Try it
Nothing below is to be printed except the lines between the line holding "(\<lambda>Y. normal_closure (TP G) (FP G) #>\<^bsub>TP G\<^esub>" and the line holding "k)) u \<Longrightarrow>", inclusive, each exactly as it appears.

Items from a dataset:

(* In the pure braid group $P_3$, the subgroup $Q_{\{2\}}\cap Q_{\{3\}}$ has infinite index in $Q_{\{2\}}$ and is not finitely generated.
   Context: $P_3$ denotes the pure braid group on $3$ strands, generated by $p_{1,2},p_{1,3},p_{2,3}$ subject to the relations $p_{1,2}p_{1,3}p_{2,3}=p_{1,3}p_{2,3}p_{1,2}=p_{2,3}p_{1,2}p_{1,3}$. For $S\subseteq\{1,2,3\}$, $Q_S$ is the subgroup of $P_3$ generated by the $p_{a,b}$ ($a<b$) with $a\in S$ or $b\in S$; thus $Q_{\{2\}}=\langle p_{1,2},p_{2,3}\rangle$ and $Q_{\{3\}}=\langle p_{1,3},p_{2,3}\rangle$. *)

theory Defs
  imports "HOL-Algebra.Algebra"
begin

datatype pgen = P12 | P13 | P23

fun pgen_ends :: "pgen \<Rightarrow> nat \<times> nat" where
  "pgen_ends P12 = (1, 2)"
| "pgen_ends P13 = (1, 3)"
| "pgen_ends P23 = (2, 3)"

text \<open>A letter (b, g) stands for g if b = True and for g inverse if b = False.\<close>
type_synonym pword = "(bool \<times> pgen) list"

definition lw :: "pgen list \<Rightarrow> pword" where
  "lw gs = map (\<lambda>g. (True, g)) gs"

inductive_set braid_rel :: "(pword \<times> pword) set" where
  refl: "(w, w) \<in> braid_rel"
| sym: "(u, v) \<in> braid_rel \<Longrightarrow> (v, u) \<in> braid_rel"
| trans: "(u, v) \<in> braid_rel \<Longrightarrow> (v, w) \<in> braid_rel \<Longrightarrow> (u, w) \<in> braid_rel"
| cancel: "(u @ [(b, g), (\<not> b, g)] @ v, u @ v) \<in> braid_rel"
| rel1: "(u @ lw [P12, P13, P23] @ v, u @ lw [P13, P23, P12] @ v) \<in> braid_rel"
| rel2: "(u @ lw [P13, P23, P12] @ v, u @ lw [P23, P12, P13] @ v) \<in> braid_rel"

definition P3 :: "pword set monoid" where
  "P3 = \<lparr> carrier = UNIV // braid_rel,
          monoid.mult = (\<lambda>A B. braid_rel `` {x @ y | x y. x \<in> A \<and> y \<in> B}),
          monoid.one = braid_rel `` {[]} \<rparr>"

definition pgen_elt :: "pgen \<Rightarrow> pword set" where
  "pgen_elt g = braid_rel `` {[(True, g)]}"

definition Q :: "nat set \<Rightarrow> pword set set" where
  "Q S = generate P3 (pgen_elt ` {g. fst (pgen_ends g) \<in> S \<or> snd (pgen_ends g) \<in> S})"

end

theory Submission
  imports Defs
begin

(* Both properties are detected by homomorphisms out of P3, which the presentation provides
   (von Dyck). The exponent sum of p12 vanishes on Q3 but not at p12 \<in> Q2, so the powers of
   p12 represent distinct cosets. For finite generation, send p12, p13, p23 to (0, 1),
   (\<delta>0, -1), (-\<delta>1, 0) in the wreath product Z wr Z of pairs (f, s) with f : Z \<Rightarrow> Z.
   On Q2 \<inter> Q3 the translation part s is the exponent sum of p12, hence zero, and every f is
   zero far to the right, so a finitely generated subgroup of Q2 \<inter> Q3 maps into the
   functions vanishing above one fixed N. But p12^n p23 p12^-n lies in Q2 \<inter> Q3 and maps to
   -\<delta>(n+1): it lies in Q3 because p12 = (p13 p23)^-1 c with c = p13 p23 p12 central, so
   conjugation by p12 preserves Q3. *)

section \<open>Generated subgroups and cosets\<close>

context group
begin

lemma hom_eq_on_generate:
  assumes "group K" "\<phi> \<in> hom G K" "\<psi> \<in> hom G K" "A \<subseteq> carrier G"
    and "\<And>a. a \<in> A \<Longrightarrow> \<phi> a = \<psi> a" and "x \<in> generate G A"
  shows "\<phi> x = \<psi> x"
proof -
  interpret \<phi>: group_hom G K \<phi>
    using assms(1,2) by (simp add: group_hom_def group_hom_axioms_def)
  interpret \<psi>: group_hom G K \<psi>
    using assms(1,3) by (simp add: group_hom_def group_hom_axioms_def)
  from assms(6) show ?thesis
  proof (induction rule: generate.induct)
    case (inv h)
    with assms(4,5) show ?case by auto
  next
    case (eng h h')
    with assms(4) show ?case by (simp add: generate_in_carrier)
  qed (use assms(5) in auto)
qed

lemma commutes_with_generate:
  assumes "c \<in> carrier G" "A \<subseteq> carrier G" "\<And>a. a \<in> A \<Longrightarrow> c \<otimes> a = a \<otimes> c"
    and "x \<in> generate G A"
  shows "c \<otimes> x = x \<otimes> c"
  using assms(4)
proof (induction rule: generate.induct)
  case (inv a)
  with assms(1,2) have a: "a \<in> carrier G" by auto
  have "c \<otimes> inv a = inv a \<otimes> (a \<otimes> c) \<otimes> inv a"
    using assms(1) a by (simp add: m_assoc flip: m_assoc[of "inv a"])
  also have "\<dots> = inv a \<otimes> (c \<otimes> a) \<otimes> inv a"
    using assms(3) inv by simp
  also have "\<dots> = inv a \<otimes> c"
    using assms(1) a by (simp add: m_assoc)
  finally show ?case .
next
  case (eng x y)
  with assms(2) have "x \<in> carrier G" "y \<in> carrier G"
    by (auto simp: generate_in_carrier)
  with assms(1) have "c \<otimes> (x \<otimes> y) = (c \<otimes> x) \<otimes> y"
    by (simp add: m_assoc)
  also have "\<dots> = x \<otimes> (c \<otimes> y)"
    using eng.IH assms(1) \<open>x \<in> carrier G\<close> \<open>y \<in> carrier G\<close> by (simp add: m_assoc)
  also have "\<dots> = x \<otimes> y \<otimes> c"
    using eng.IH assms(1) \<open>x \<in> carrier G\<close> \<open>y \<in> carrier G\<close> by (simp add: m_assoc)
  finally show ?case .
qed (use assms in auto)

lemma conj_central_factor:
  assumes "k \<in> carrier G" "c \<in> carrier G" "x \<in> carrier G"
    and "\<And>y. y \<in> carrier G \<Longrightarrow> c \<otimes> y = y \<otimes> c"
  shows "k \<otimes> c \<otimes> x \<otimes> inv (k \<otimes> c) = k \<otimes> x \<otimes> inv k"
proof -
  have "k \<otimes> c \<otimes> x \<otimes> inv (k \<otimes> c) = k \<otimes> (c \<otimes> x) \<otimes> inv c \<otimes> inv k"
    using assms(1-3) by (simp add: inv_mult_group m_assoc)
  also have "\<dots> = k \<otimes> x \<otimes> inv k"
    using assms by (simp add: m_assoc)
  finally show ?thesis .
qed

lemma infinite_rcosets_if_hom_integer_group:
  assumes "subgroup H G" "subgroup K G" "\<phi> \<in> hom G integer_group"
    and "\<And>h. h \<in> H \<Longrightarrow> \<phi> h = 0" and "x \<in> K" "\<phi> x \<noteq> 0"
  shows "infinite (rcosets\<^bsub>G\<lparr>carrier := K\<rparr>\<^esub> H)"
proof
  assume fin: "finite (rcosets\<^bsub>G\<lparr>carrier := K\<rparr>\<^esub> H)"
  have x: "x \<in> carrier G"
    using assms(2,5) subgroup.subset by blast
  have "inj (\<lambda>n::int. H #> x [^] n)"
  proof (rule injI)
    fix m n :: int
    assume "H #> x [^] m = H #> x [^] n"
    then have "x [^] m \<in> H #> x [^] n"
      using repr_independenceD[OF assms(1), of "x [^] m" "x [^] n"] x by simp
    then obtain h where h: "h \<in> H" "x [^] m = h \<otimes> x [^] n"
      unfolding r_coset_def by blast
    with assms(1) have "h \<in> carrier G"
      by (simp add: subgroup.mem_carrier)
    with h x have "\<phi> (x [^] m) = \<phi> h + \<phi> (x [^] n)"
      using hom_mult[OF assms(3)] by simp
    then have "m * \<phi> x = n * \<phi> x"
      using hom_int_pow[OF assms(3) x is_group group_integer_group] assms(4) h(1) by simp
    with assms(6) show "m = n" by simp
  qed
  moreover have "range (\<lambda>n::int. H #> x [^] n) \<subseteq> rcosets\<^bsub>G\<lparr>carrier := K\<rparr>\<^esub> H"
    using subgroup_int_pow_closed[OF assms(2,5)] unfolding RCOSETS_def r_coset_def by auto
  ultimately show False
    using fin by (meson finite_imageD finite_subset infinite_UNIV_int)
qed

lemma not_finitely_generated_if_ascending_union:
  fixes S :: "nat \<Rightarrow> 'a set"
  assumes "\<And>n. subgroup (S n) G" "mono S" "H \<subseteq> (\<Union>n. S n)" "\<And>n. \<not> H \<subseteq> S n"
  shows "\<not> (\<exists>F. finite F \<and> F \<subseteq> H \<and> generate G F = H)"
proof
  assume "\<exists>F. finite F \<and> F \<subseteq> H \<and> generate G F = H"
  then obtain F where F: "finite F" "F \<subseteq> H" "generate G F = H"
    by blast
  have "S i \<subseteq> S j \<or> S j \<subseteq> S i" for i j
    using assms(2) by (meson monoD nle_le)
  then have chain: "subset.chain UNIV (range S)"
    by (simp add: subset_chain_def)
  have "F \<subseteq> \<Union> (range S)"
    using F(2) assms(3) by blast
  then obtain B where "B \<in> range S" "F \<subseteq> B"
    using finite_subset_Union_chain[OF F(1) _ _ chain] by blast
  then obtain n where "F \<subseteq> S n"
    by blast
  then have "H \<subseteq> S n"
    unfolding F(3)[symmetric] by (rule generate_subgroup_incl[OF _ assms(1)])
  with assms(4) show False by blast
qed
lemma phi_surj: "phi G k ` carrier (TPk G k) = carrier (TPk G (Suc k))"
proof
  show "phi G k ` carrier (TPk G k) \<subseteq> carrier (TPk G (Suc k))"
    using phi_hom by (auto simp: hom_def)
next
  show "carrier (TPk G (Suc k)) \<subseteq> phi G k ` carrier (TPk G k)"
  proof
    fix Y assume "Y \<in> carrier (TPk G (Suc k))"
    then obtain v where v: "is_word (\<lambda>i. G (i + Suc k)) v" "Y = word_class (\<lambda>i. G (i + Suc k)) v"
      unfolding TPk_def by (rule carrier_TP_E)
    have w: "is_word (\<lambda>i. G (i + k)) (shift_word 1 v)"
      using v(1) by (rule is_word_shift_word[rotated]) simp
    have "phi G k (word_class (\<lambda>i. G (i + k)) (shift_word 1 v)) =
        word_class (\<lambda>i. G (i + Suc k)) (del_word (shift_word 1 v))"
      by (rule phi_class[OF w])
    also have "del_word (shift_word 1 v) = v"
      by (simp add: del_word_def shift_word_def)
    finally have "phi G k (word_class (\<lambda>i. G (i + k)) (shift_word 1 v)) = Y"
      unfolding v(2) .
    moreover have "word_class (\<lambda>i. G (i + k)) (shift_word 1 v) \<in> carrier (TPk G k)"
      unfolding TPk_def by (rule word_class_in_carrier_TP[OF w])
    ultimately show "Y \<in> phi G k ` carrier (TPk G k)" by blast
  qed
qed

lemma factor_image_eq:
  "factor_image G k = {word_class (\<lambda>i. G (i + k)) (letter_word (0, g)) | g. g \<in> carrier (G k) - {\<one>\<^bsub>G k\<^esub>}}"
  by (simp add: factor_image_def letter_word_def)

lemma factor_image_subset: "factor_image G k \<subseteq> carrier (TPk G k)"
  unfolding factor_image_eq TPk_def by (auto intro!: word_class_in_carrier_TP is_word_letter_word)

lemma letter_word_in_factor_image:
  assumes "is_word (\<lambda>i. G (i + k)) u" "z \<in> fst u" "fst (snd u z) = 0"
  shows "word_class (\<lambda>i. G (i + k)) (letter_word (snd u z)) \<in> factor_image G k"
proof -
  have "snd u z = (0, snd (snd u z))" using assms(3) by (simp add: prod_eq_iff)
  then show ?thesis
    using assms unfolding factor_image_eq is_word_def by (auto intro!: exI[of _ "snd (snd u z)"])
qed

lemma phi_factor_image: "s \<in> factor_image G k \<Longrightarrow> phi G k s = \<one>\<^bsub>TPk G (Suc k)\<^esub>"
proof -
  assume "s \<in> factor_image G k"
  then obtain g where g: "g \<in> carrier (G k) - {\<one>\<^bsub>G k\<^esub>}"
    and s: "s = word_class (\<lambda>i. G (i + k)) (letter_word (0, g))"
    unfolding factor_image_eq by blast
  have "phi G k s = word_class (\<lambda>i. G (i + Suc k)) (del_word (letter_word (0, g)))"
    unfolding s using g by (intro phi_class is_word_letter_word) simp
  also have "\<dots> = \<one>\<^bsub>TPk G (Suc k)\<^esub>"
    unfolding TPk_def one_TP by (rule word_class_empty_positions) (simp add: del_word_def letter_word_def)
  finally show ?thesis .
qed

lemma kernel_phi_subset:
  assumes grp: "\<And>n. group (G n)"
  shows "kernel (TPk G k) (TPk G (Suc k)) (phi G k) \<subseteq> normal_closure (TPk G k) (factor_image G k)"
proof
  interpret T: group "TPk G k" by (rule group_TPk[OF grp])
  let ?H = "\<lambda>i. G (i + k)" and ?H' = "\<lambda>i. G (i + Suc k)"
  fix Y assume Y: "Y \<in> kernel (TPk G k) (TPk G (Suc k)) (phi G k)"
  then obtain u where u: "is_word ?H u" "Y = word_class ?H u"
    unfolding kernel_def TPk_def by (auto elim: carrier_TP_E)
  let ?Z = "{x\<in>fst u. fst (snd u x) = 0}"
  let ?u0 = "restrict_word u (- ?Z)"
  have "finite ?Z" using u(1) by (simp add: is_word_def)
  moreover have "word_class ?H (letter_word (snd u z)) \<in> factor_image G k" if "z \<in> ?Z" for z
    using that u(1) by (intro letter_word_in_factor_image) auto
  ultimately have "\<exists>c\<in>normal_closure (TPk G k) (factor_image G k). Y = c \<otimes>\<^bsub>TPk G k\<^esub> word_class ?H ?u0"
    unfolding TPk_def u(2) using grp factor_image_subset[of G k, unfolded TPk_def]
    by (intro word_class_delete_positions[OF _ u(1)]) auto
  then obtain c where c: "c \<in> normal_closure (TPk G k) (factor_image G k)"
    "Y = c \<otimes>\<^bsub>TPk G k\<^esub> word_class ?H ?u0"
    by blast
  have u0: "is_word ?H ?u0" using u(1) by (rule is_word_restrict_word)
  have "del_word ?u0 = del_word u"
    by (auto simp: del_word_def restrict_word_def)
  then have "word_class ?H' (del_word ?u0) = word_class ?H' empty_word"
    using Y u by (simp add: kernel_def phi_class TPk_def one_TP)
  then have "word_equiv ?H ?u0 empty_word"
    by (intro word_equiv_empty_if_del_word[where H="?H'", OF _ u0])
      (auto simp: word_class_eq_iff restrict_word_def)
  then have "word_class ?H ?u0 = \<one>\<^bsub>TPk G k\<^esub>"
    by (simp add: TPk_def one_TP word_class_eqI)
  moreover have "c \<in> carrier (TPk G k)"
    using c(1) T.normal_closure_subset[OF factor_image_subset] by blast
  ultimately show "Y \<in> normal_closure (TPk G k) (factor_image G k)"
    using c by simp
qed

lemma phi_kernel:
  assumes grp: "\<And>n. group (G n)"
  shows "kernel (TPk G k) (TPk G (Suc k)) (phi G k) = normal_closure (TPk G k) (factor_image G k)"
proof
  interpret group_hom "TPk G k" "TPk G (Suc k)" "phi G k"
    using grp by (simp add: group_hom_def group_hom_axioms_def group_TPk phi_hom)
  show "normal_closure (TPk G k) (factor_image G k) \<subseteq> kernel (TPk G k) (TPk G (Suc k)) (phi G k)"
    by (rule normal_closure_subset_kernel[OF factor_image_subset phi_factor_image])
qed (rule kernel_phi_subset[OF grp])

section \<open>The archipelago group as a direct limit\<close>

lemma FP_subset: "FP G \<subseteq> carrier (TP G)"
  unfolding FP_def carrier_TP by blast

lemma letter_word_in_FP:
  "snd l \<in> carrier (G (fst l)) - {\<one>\<^bsub>G (fst l)\<^esub>} \<Longrightarrow> word_class G (letter_word l) \<in> FP G"
  unfolding FP_def using is_word_letter_word by (fastforce simp: letter_word_def)

lemma normal_closure_FP: "(\<And>n. group (G n)) \<Longrightarrow> normal_closure (TP G) (FP G) \<lhd> TP G"
  by (rule group.normal_closure_normal[OF group_TP FP_subset])

lemma group_archipelago: "(\<And>n. group (G n)) \<Longrightarrow> group (archipelago G)"
  unfolding archipelago_def by (rule normal.factorgroup_is_group[OF normal_closure_FP])

lemma psi_eq:
  "psi G k = (\<lambda>Y. normal_closure (TP G) (FP G) #>\<^bsub>TP G\<^esub>
     word_class G (relabel_word (\<lambda>_. True) (\<lambda>n. n + k) (SOME u. u \<in> Y)))"
  by (simp add: fun_eq_iff psi_def shift_word_eq_relabel)

lemma psi_class:
  "is_word (\<lambda>i. G (i + k)) u \<Longrightarrow>
    psi G k (word_class (\<lambda>i. G (i + k)) u) = normal_closure (TP G) (FP G) #>\<^bsub>TP G\<^esub> word_class G (shift_word k u)"
  unfolding psi_eq shift_word_eq_relabel
  by (subst relabelling.relabel_class[OF relabelling_shift[where G="\<lambda>i. G (i + k)"]]) simp_all

lemma psi_0: "Y \<in> carrier (TP G) \<Longrightarrow> psi G 0 Y = normal_closure (TP G) (FP G) #>\<^bsub>TP G\<^esub> Y"
  by (elim carrier_TP_E) (simp add: psi_class[where k=0, simplified] shift_word_def)

lemma psi_hom:
  assumes grp: "\<And>n. group (G n)"
  shows "psi G k \<in> hom (TPk G k) (archipelago G)"
proof -
  interpret N: normal "normal_closure (TP G) (FP G)" "TP G" by (rule normal_closure_FP[OF grp])
  have "(\<lambda>Y. word_class G (relabel_word (\<lambda>_. True) (\<lambda>n. n + k) (SOME u. u \<in> Y))) \<in> hom (TPk G k) (TP G)"
    unfolding TPk_def by (rule relabelling.relabel_hom[OF relabelling_shift]) simp
  from hom_compose[OF this N.r_coset_hom_Mod] show ?thesis
    unfolding psi_eq archipelago_def by (simp add: comp_def)
qed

Written solution
  "psi G k = (\<lambda>Y. normal_closure (TP G) (FP G) #>\<^bsub>TP G\<^esub>
     word_class G (relabel_word (\<lambda>_. True) (\<lambda>n. n + k) (SOME u. u \<in> Y)))"
  by (simp add: fun_eq_iff psi_def shift_word_eq_relabel)

lemma psi_class:
  "is_word (\<lambda>i. G (i + k)) u \<Longrightarrow>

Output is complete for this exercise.